Workflow Wednesdays – Part 3. Read preprocessing – Subsampling

It”s often a good idea (especially for large datasets) to use a subset of the reads for some preliminary analyses. A smaller dataset can be useful for figuring out the alignment parameters or checking for alignment problems.

The easiest way to get a subset of a fastq file is to take the reads in the beginning of the file. Of course, this is not a random subset of the reads, but it can still be useful and it”s very easy to do.

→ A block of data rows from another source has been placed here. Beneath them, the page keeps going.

(* Let $0\le\gamma_1<\dots<\gamma_p\le1$ and for each $i$ let $(\gamma_{i,n})_n$ be $[0,1]$-valued with $|\gamma_{i,n}-\gamma_i|=O(1/n)$. Then for every $i\in\{1,\dots,p\}$ there exist $\delta_i>0$ and $N\in\mathbb{N}$ such that $\phi_{n,\gamma_{i,n}}'(u)\ge\phi_{n,\gamma_{j,n}}'(u)$ for all $u\in(\gamma_i-\delta_i,\gamma_i+\delta_i)\cap[0,1]$, all $j\in\{1,\dots,p\}$ and all $n\ge N$.
   Context: $[x]$ is the integer part. $\phi_{n,\alpha}(t)=\sum_{j=1+[(n-1)\alpha]}^n\binom{n}{j}t^j(1-t)^{n-j}$, so $\phi_{n,\alpha}'(t)=n\binom{n-1}{[(n-1)\alpha]}t^{[(n-1)\alpha]}(1-t)^{n-[(n-1)\alpha]-1}$. *)

theory Defs
  imports "HOL-Analysis.Analysis" "HOL-Library.Landau_Symbols"
begin

definition phi :: "nat \<Rightarrow> real \<Rightarrow> real \<Rightarrow> real" where
  "phi n \<alpha> t = (\<Sum>j = Suc (nat \<lfloor>real (n - 1) * \<alpha>\<rfloor>)..n.
                    real (n choose j) * t ^ j * (1 - t) ^ (n - j))"

text \<open>The derivative phi'_{n,alpha}(t), in the closed form given in the paper.\<close>
definition phi' :: "nat \<Rightarrow> real \<Rightarrow> real \<Rightarrow> real" where
  "phi' n \<alpha> t = (let k = nat \<lfloor>real (n - 1) * \<alpha>\<rfloor> in
      real n * real ((n - 1) choose k) * t ^ k * (1 - t) ^ (n - k - 1))"

end

theory Submission
  imports Defs
begin

(*
  Write m = n - 1 and k = nat (floor (m * alpha)); then phi' n alpha u is n times the Bernstein
  term C(m,k) u^k (1-u)^(m-k), and the hypotheses give k_i = m gamma_i + O(1).  For gamma_i < gamma_j
  and u <= v, the quotient of the j-th by the i-th term is at most C(m,k_j) t^(k_j-k_i) / C(m,k_i),
  where t = v/(1-v) is the odds of v: a product of the consecutive ratios t (m-k)/(k+1) over
  k_i <= k < k_j.  For v slightly above gamma_i these ratios are eventually at most R on the lower
  half of that range and at most S < 1 on the upper half, with R S = 1, so the product is at most 1.
  For gamma_i = 0 the crude bound C(m,k) <= 2^m does the job instead, and gamma_j < gamma_i reduces
  to gamma_i < gamma_j under the reflection u -> 1 - u.
*)

definition bernstein :: "nat \<Rightarrow> nat \<Rightarrow> real \<Rightarrow> real" where
  "bernstein m k u = real (m choose k) * u ^ k * (1 - u) ^ (m - k)"

lemma phi'_eq_bernstein:
  "phi' n \<alpha> u = real n * bernstein (n - 1) (nat \<lfloor>real (n - 1) * \<alpha>\<rfloor>) u"
  by (simp add: phi'_def bernstein_def Let_def diff_commute mult.assoc)

lemma bernstein_reflect: "k \<le> m \<Longrightarrow> bernstein m k u = bernstein m (m - k) (1 - u)"
  unfolding bernstein_def by (simp add: binomial_symmetric[of k m] mult_ac)

lemma bernstein_le_of_binomial_odds_le:
  fixes t u :: real
  assumes "a \<le> b" "b \<le> m" "0 \<le> u" "u \<le> 1" "u \<le> t * (1 - u)"
    and "real (m choose b) * t ^ (b - a) \<le> real (m choose a)"
  shows "bernstein m b u \<le> bernstein m a u"
proof -
  define K where "K = b - a"
  have "u ^ K \<le> (t * (1 - u)) ^ K"
    using assms by (intro power_mono) auto
  then have "real (m choose b) * u ^ K \<le> real (m choose b) * t ^ K * (1 - u) ^ K"
    by (simp add: mult_left_mono power_mult_distrib mult.assoc)
  also have "\<dots> \<le> real (m choose a) * (1 - u) ^ K"
    using assms by (intro mult_right_mono) (auto simp: K_def)
  finally have "real (m choose b) * u ^ K * (u ^ a * (1 - u) ^ (m - b))
      \<le> real (m choose a) * (1 - u) ^ K * (u ^ a * (1 - u) ^ (m - b))"
    using assms by (intro mult_right_mono) auto
  moreover have "b = a + K" "m - a = K + (m - b)"
    using assms by (auto simp: K_def)
  ultimately show ?thesis
    unfolding bernstein_def by (simp add: power_add mult_ac)
qed

lemma binomial_mult_prod_Suc:
  assumes "a \<le> b" "b \<le> m"
  shows "(m choose b) * (\<Prod>k\<in>{a..<b}. Suc k) = (m choose a) * (\<Prod>k\<in>{a..<b}. m - k)"
  using assms
proof (induction b)
  case 0
  then show ?case by simp
next
  case (Suc b)
  show ?case
  proof (cases "a = Suc b")
    case False
    with Suc.prems have "a \<le> b" by simp
    have absorb: "(m choose Suc b) * Suc b = (m choose b) * (m - b)"
      by (metis binomial_absorb_comp binomial_absorption mult.commute)
    have "(m choose Suc b) * (\<Prod>k\<in>{a..<Suc b}. Suc k)
        = (m choose Suc b) * Suc b * (\<Prod>k\<in>{a..<b}. Suc k)"
      using \<open>a \<le> b\<close> by (simp add: prod.atLeastLessThan_Suc algebra_simps)
    also have "\<dots> = (m - b) * ((m choose b) * (\<Prod>k\<in>{a..<b}. Suc k))"
      by (metis absorb mult.assoc mult.commute)
    also have "\<dots> = (m choose a) * (\<Prod>k\<in>{a..<Suc b}. m - k)"
      using Suc \<open>a \<le> b\<close> by (simp add: prod.atLeastLessThan_Suc)
    finally show ?thesis .
  qed simp
qed

lemma binomial_odds_le_of_prod_le:
  fixes t :: real
  assumes "a \<le> b" "b \<le> m"
    and "(\<Prod>k\<in>{a..<b}. t * real (m - k)) \<le> (\<Prod>k\<in>{a..<b}. real (Suc k))"
  shows "real (m choose b) * t ^ (b - a) \<le> real (m choose a)"
proof -
  define P where "P = (\<Prod>k\<in>{a..<b}. real (Suc k))"
  have "P > 0"
    unfolding P_def by (intro prod_pos) auto
  have "real (m choose b) * t ^ (b - a) * P = real (m choose a) * (\<Prod>k\<in>{a..<b}. t * real (m - k))"
    using arg_cong[OF binomial_mult_prod_Suc[OF assms(1,2)], of real]
    by (simp add: P_def prod.distrib mult_ac)
  also have "\<dots> \<le> real (m choose a) * P"
    using assms(3) by (simp add: P_def mult_left_mono)
  finally show ?thesis
    using \<open>P > 0\<close> by simp
qed

lemma pow_mult_pow_le_one:
  fixes R S :: real
  assumes "0 \<le> R" "0 \<le> S" "S \<le> 1" "R * S \<le> 1" "k \<le> l"
  shows "R ^ k * S ^ l \<le> 1"
proof -
  have "S ^ l = S ^ k * S ^ (l - k)"
    using assms(5) by (simp flip: power_add)
  then have "R ^ k * S ^ l = (R * S) ^ k * S ^ (l - k)"
    by (simp add: power_mult_distrib mult_ac)
  also have "\<dots> \<le> 1 * 1"
    using assms by (intro mult_mono power_le_one) auto
  finally show ?thesis by simp
qed

lemma prod_le_prod_two_ratios:
  fixes f g :: "nat \<Rightarrow> real" and R S :: real
  assumes "a \<le> c" "c \<le> b" "c - a \<le> b - c"
    and "0 \<le> R" "0 \<le> S" "S \<le> 1" "R * S \<le> 1"
    and "\<And>k. k \<in> {a..<b} \<Longrightarrow> 0 \<le> f k \<and> 0 \<le> g k"
    and "\<And>k. k \<in> {a..<c} \<Longrightarrow> f k \<le> R * g k"
    and "\<And>k. k \<in> {c..<b} \<Longrightarrow> f k \<le> S * g k"
  shows "(\<Prod>k\<in>{a..<b}. f k) \<le> (\<Prod>k\<in>{a..<b}. g k)"
proof -
  have ratio: "(\<Prod>k\<in>{l..<h}. f k) \<le> Q ^ (h - l) * (\<Prod>k\<in>{l..<h}. g k)"
    if "{l..<h} \<subseteq> {a..<b}" "0 \<le> Q" "\<And>k. k \<in> {l..<h} \<Longrightarrow> f k \<le> Q * g k" for l h Q
  proof -
    have "(\<Prod>k\<in>{l..<h}. f k) \<le> (\<Prod>k\<in>{l..<h}. Q * g k)"
      using that assms(8) by (intro prod_mono) auto
    then show ?thesis
      by (simp add: prod.distrib)
  qed
  have nonneg: "0 \<le> f k" "0 \<le> g k" if "a \<le> k" "k < b" for k
    using assms(8) that by auto
  have split: "{a..<b} = {a..<c} \<union> {c..<b}" "{a..<c} \<inter> {c..<b} = {}"
    using assms(1,2) by auto
  have "(\<Prod>k\<in>{a..<b}. f k) = (\<Prod>k\<in>{a..<c}. f k) * (\<Prod>k\<in>{c..<b}. f k)"
    unfolding split(1) by (rule prod.union_disjoint) (use split(2) in auto)
  also have "\<dots> \<le> (R ^ (c - a) * (\<Prod>k\<in>{a..<c}. g k)) * (S ^ (b - c) * (\<Prod>k\<in>{c..<b}. g k))"
  proof (rule mult_mono)
    show "(\<Prod>k\<in>{a..<c}. f k) \<le> R ^ (c - a) * (\<Prod>k\<in>{a..<c}. g k)"
      using assms(2,4,9) by (intro ratio) auto
    show "(\<Prod>k\<in>{c..<b}. f k) \<le> S ^ (b - c) * (\<Prod>k\<in>{c..<b}. g k)"
      using assms(1,5,10) by (intro ratio) auto
    show "0 \<le> R ^ (c - a) * (\<Prod>k\<in>{a..<c}. g k)"
      using assms(2,4) nonneg(2) by (intro mult_nonneg_nonneg zero_le_power prod_nonneg) auto
    show "0 \<le> (\<Prod>k\<in>{c..<b}. f k)"
      using assms(1) nonneg(1) by (intro prod_nonneg) auto
  qed
  also have "\<dots> = (R ^ (c - a) * S ^ (b - c)) * (\<Prod>k\<in>{a..<b}. g k)"
    using assms(1,2) by (simp add: prod.atLeastLessThan_concat mult_ac)
  also have "\<dots> \<le> 1 * (\<Prod>k\<in>{a..<b}. g k)"
    using assms(3-7) nonneg by (intro mult_right_mono pow_mult_pow_le_one prod_nonneg) auto
  finally show ?thesis by simp
qed

lemma binomial_ratio_bound_mono:
  fixes x t R :: real
  assumes "x \<le> real k" "k \<le> m" "0 \<le> t" "0 \<le> R"
    and "t * (real m - x) \<le> R * (x + 1)"
  shows "t * real (m - k) \<le> R * real (Suc k)"
proof -
  have "t * real (m - k) \<le> t * (real m - x)"
    using assms by (intro mult_left_mono) (auto simp: of_nat_diff)
  also have "\<dots> \<le> R * (x + 1)" by fact
  also have "\<dots> \<le> R * real (Suc k)"
    using assms by (intro mult_left_mono) auto
  finally show ?thesis .
qed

Just open a linux terminal and use the “head” command to get the first N lines of a file. Make sure to use a number that is divisible by four, otherwise you”ll end up with an incomplete record for one of the reads.

head -n 400 SRR515927.fastq > SRR515927_subset.fastq

Now, if you check the length of the new file (remember the word count [wc] command?), you can see that it contains 400 lines (i.e. 100 reads).

$ wc -l SRR515927_subset.fastq
400 SRR515927_subset.fastq

Remember, that this is often a bad representation of your dataset!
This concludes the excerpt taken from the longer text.